The defendant continued to further testify that after the trial of the case, during which he had been charged with fraud by the attorney representing the plaintiff, he continued the search, testifying in detail as to its thoroughness and into every place where the check might have been found; finally, coming to the finding of the check, he testified as follows: "We were working together. We went through my wife's desk. We went through her desk, went through the top part of it and all and then we got down — it has a little drawer on the underside, and it was full of papers, and we took out every paper in there and finally we got everything out. There was a check book down in the bottom of this drawer, and in that check book — it was just the stubs, you know, a used book, just the stubs of the book — and in that thing were three checks, and this was one of them — (the five hundred dollar check in question)."

He further testified that he was not in the habit of filing his canceled checks in this place, that the stub check book referred to was not a book of the bank on which that check was drawn, it was a different bank; the check being drawn on a Florida bank and the stub book being that of a Birmingham bank.

The check was then introduced as evidence, disclosing on its face that it went to the credit of the plaintiff on the books of Pease-Powell Corporation in West Palm Beach, Fla.

It further appears from the evidence that the check had in some way gotten into the desk of defendant's wife and among her papers, where it was not natural for him to look in trying to find the check.

The order of the court in granting the motion for the new trial is based upon the discovery of this new evidence — "which the court considers material, warrants the granting of this motion."

We are of the opinion that the evidence discloses all the diligence that is required necessary for a predicate in the introduction of newly discovered evidence, and the only question for us to determine is to whether or not the check is merely cumulative of the testimony which had been given on the main trial.

In the case of Mullong v. Mullong, 178 Iowa 552,159 N.W. 994, 995, in a case in all respects similar to the case at bar, the Iowa court, after holding facts testified to as being a sufficient predicate, held: "Cumulative testimony is testimony of the same kind and to the same point. The testimony does go to the same point; that is to the fact of payment, but it is not of the same *Page 103 kind. The testimony adduced at the trial was oral, and directed to the fact of payment, giving the circumstances thereof; the newly discovered testimony is written, and amounts, if the receipt is genuine, to an admission on the part of plaintiff that he did receive the money from defendant. Manifestly the newly discovered testimony was not cumulative."

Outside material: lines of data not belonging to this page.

lemma expect_settled_le:
  assumes "\<And>i. i < n \<Longrightarrow> 0 \<le> p i \<and> p i \<le> 1"
    and "\<And>j. j < m \<Longrightarrow> finite (A j) \<and> A j \<subseteq> {..<n}"
    and "\<And>j j'. j < m \<Longrightarrow> j' < m \<Longrightarrow> j \<noteq> j' \<Longrightarrow> A j \<inter> A j' = {}"
  shows "expect n p (\<lambda>x. of_bool (settled m r A d t x)) \<le> settle_prob m r p A d"
  using assms
proof (induction t arbitrary: p A d)
  case Leaf
  have nonneg: "0 \<le> settle_prob m r p A d"
    using Leaf.prems(1,2) by (intro settle_prob_nonneg) blast
  show ?case
  proof (cases "\<forall>j<m. d j + card (A j) \<le> r")
    case True
    then have "settle_prob m r p A d = 1"
      unfolding settle_prob_def by (intro prod.neutral) (auto simp: settle_bound_def)
    then show ?thesis
      using True by (simp add: settled_def)
  next
    case False
    then have "\<not> settled m r A d Leaf x" for x
      by (auto simp: settled_def)
    then show ?thesis
      using nonneg by simp
  qed
next
  case (Node i l rt)
  have prems_upd:
    "\<And>i'. i' < n \<Longrightarrow> 0 \<le> (p(i := c)) i' \<and> (p(i := c)) i' \<le> 1"
    "\<And>j. j < m \<Longrightarrow> finite (A' j) \<and> A' j \<subseteq> {..<n}"
    "\<And>j j'. j < m \<Longrightarrow> j' < m \<Longrightarrow> j \<noteq> j' \<Longrightarrow> A' j \<inter> A' j' = {}"
    if "c = 0 \<or> c = 1" "\<And>j. A' j \<subseteq> A j" for c :: real and A'
  proof -
    show "0 \<le> (p(i := c)) i' \<and> (p(i := c)) i' \<le> 1" if "i' < n" for i'
      using Node.prems(1)[OF that] \<open>c = 0 \<or> c = 1\<close> by auto
    show "finite (A' j) \<and> A' j \<subseteq> {..<n}" if "j < m" for j
      using Node.prems(2)[OF that] \<open>\<And>j. A' j \<subseteq> A j\<close>[of j] by (meson finite_subset subset_trans)
    show "A' j \<inter> A' j' = {}" if "j < m" "j' < m" "j \<noteq> j'" for j j'
      using Node.prems(3)[OF that] \<open>\<And>j. A' j \<subseteq> A j\<close> by blast
  qed
  show ?case
  proof (cases "\<exists>j<m. i \<in> A j")
    case True
    then obtain j where j: "j < m" "i \<in> A j"
      by blast
    have others: "\<And>j'. j' < m \<Longrightarrow> j' \<noteq> j \<Longrightarrow> i \<notin> A j'"
      using Node.prems(3) j by blast
    have "i < n"
      using Node.prems(2) j by blast
    then have p_i: "0 \<le> p i" "p i \<le> 1"
      using Node.prems(1) by auto
    have IH1: "expect n (p(i := 1)) (\<lambda>x. of_bool (settled m r (A(j := A j - {i})) (d(j := Suc (d j))) rt x))
        \<le> settle_prob m r (p(i := 1)) (A(j := A j - {i})) (d(j := Suc (d j)))"
      by (rule Node.IH(2); rule prems_upd) auto
    have IH0: "expect n (p(i := 0)) (\<lambda>x. of_bool (settled m r (A(j := {})) (d(j := 0)) l x))
        \<le> settle_prob m r (p(i := 0)) (A(j := {})) (d(j := 0))"
      by (rule Node.IH(1); rule prems_upd) auto
    have "expect n p (\<lambda>x. of_bool (settled m r A d (Node i l rt) x))
        = p i * expect n (p(i := 1)) (\<lambda>x. of_bool (settled m r (A(j := A j - {i})) (d(j := Suc (d j))) rt x))
          + (1 - p i) * of_bool (Suc (d j) \<le> r)
            * expect n (p(i := 0)) (\<lambda>x. of_bool (settled m r (A(j := {})) (d(j := 0)) l x))"
      by (rule expect_settled_Node_in[where A = A, OF \<open>i < n\<close> j others])
    also have "\<dots> \<le> p i * settle_prob m r (p(i := 1)) (A(j := A j - {i})) (d(j := Suc (d j)))
          + (1 - p i) * of_bool (Suc (d j) \<le> r) * settle_prob m r (p(i := 0)) (A(j := {})) (d(j := 0))"
      using IH1 IH0 p_i by (intro add_mono mult_left_mono) auto
    also have "\<dots> \<le> settle_prob m r p A d"
    proof (rule settle_prob_Node_in_le[where A = A, OF j others])
      fix j' assume "j' < m"
      then show "finite (A j') \<and> (\<forall>l\<in>A j'. 0 \<le> p l \<and> p l \<le> 1)"
        using Node.prems(1) Node.prems(2)[of j'] by auto
    qed
    finally show ?thesis .
  next
    case False
    then have out: "\<And>j. j < m \<Longrightarrow> i \<notin> A j"
      by blast
    show ?thesis
    proof (cases "i < n")
      case True
      have "expect n p (\<lambda>x. of_bool (settled m r A d (Node i l rt) x))
          = p i * expect n (p(i := 1)) (\<lambda>x. of_bool (settled m r A d rt x))
            + (1 - p i) * expect n (p(i := 0)) (\<lambda>x. of_bool (settled m r A d l x))"
        by (rule expect_settled_Node_out[OF True out])
      also have "\<dots> \<le> p i * settle_prob m r (p(i := 1)) A d + (1 - p i) * settle_prob m r (p(i := 0)) A d"
      proof -
        have "expect n (p(i := 1)) (\<lambda>x. of_bool (settled m r A d rt x)) \<le> settle_prob m r (p(i := 1)) A d"
          by (rule Node.IH(2); rule prems_upd) auto
        moreover have "expect n (p(i := 0)) (\<lambda>x. of_bool (settled m r A d l x)) \<le> settle_prob m r (p(i := 0)) A d"
          by (rule Node.IH(1); rule prems_upd) auto
        ultimately show ?thesis
          using Node.prems(1)[OF True] by (intro add_mono mult_left_mono) auto
      qed
      also have "\<dots> = settle_prob m r p A d"
        by (simp add: settle_prob_upd_out[OF out] algebra_simps)
      finally show ?thesis .
    next
      case False
      then have "expect n p (\<lambda>x. of_bool (settled m r A d (Node i l rt) x))
          = expect n p (\<lambda>x. of_bool (settled m r A d l x))"
        using out by (intro expect_cong) (simp add: settled_def Inputs_def)
      then show ?thesis
        using Node.IH(1)[OF Node.prems] by simp
    qed
  qed
qed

To the same conclusion is the case of Bullard v. Bullard,112 Iowa 423, 84 N.W. 513; Guth v. Bell, 153 Iowa 511,133 N.W. 883, 42 L.R.A., N.S., 692, Ann.Cas. 1913E, 142; Smith v. Smith,160 Iowa 111, 140 N.W. 659; to which may be added as persuasive of the proposition, West Virginia Land Co. v. May, 166 Ala. 127,52 So. 315; 46 Corpus Juris, 257. From all of which we conclude that cumulative evidence is of the same kind and character, and where the newly discovered evidence is of a higher type or character, it cannot be classed as merely cumulative so as to prevent a trial judge from basing his action in granting a new trial for and on account thereof.

The foregoing has been written in response to the earnest insistence of appellant's counsel on application for rehearing. But it is written in full concurrence with the statement on this point appearing in the opinion of RICE, Judge, on the original submission.

The opinion is extended, and the application for rehearing is overruled.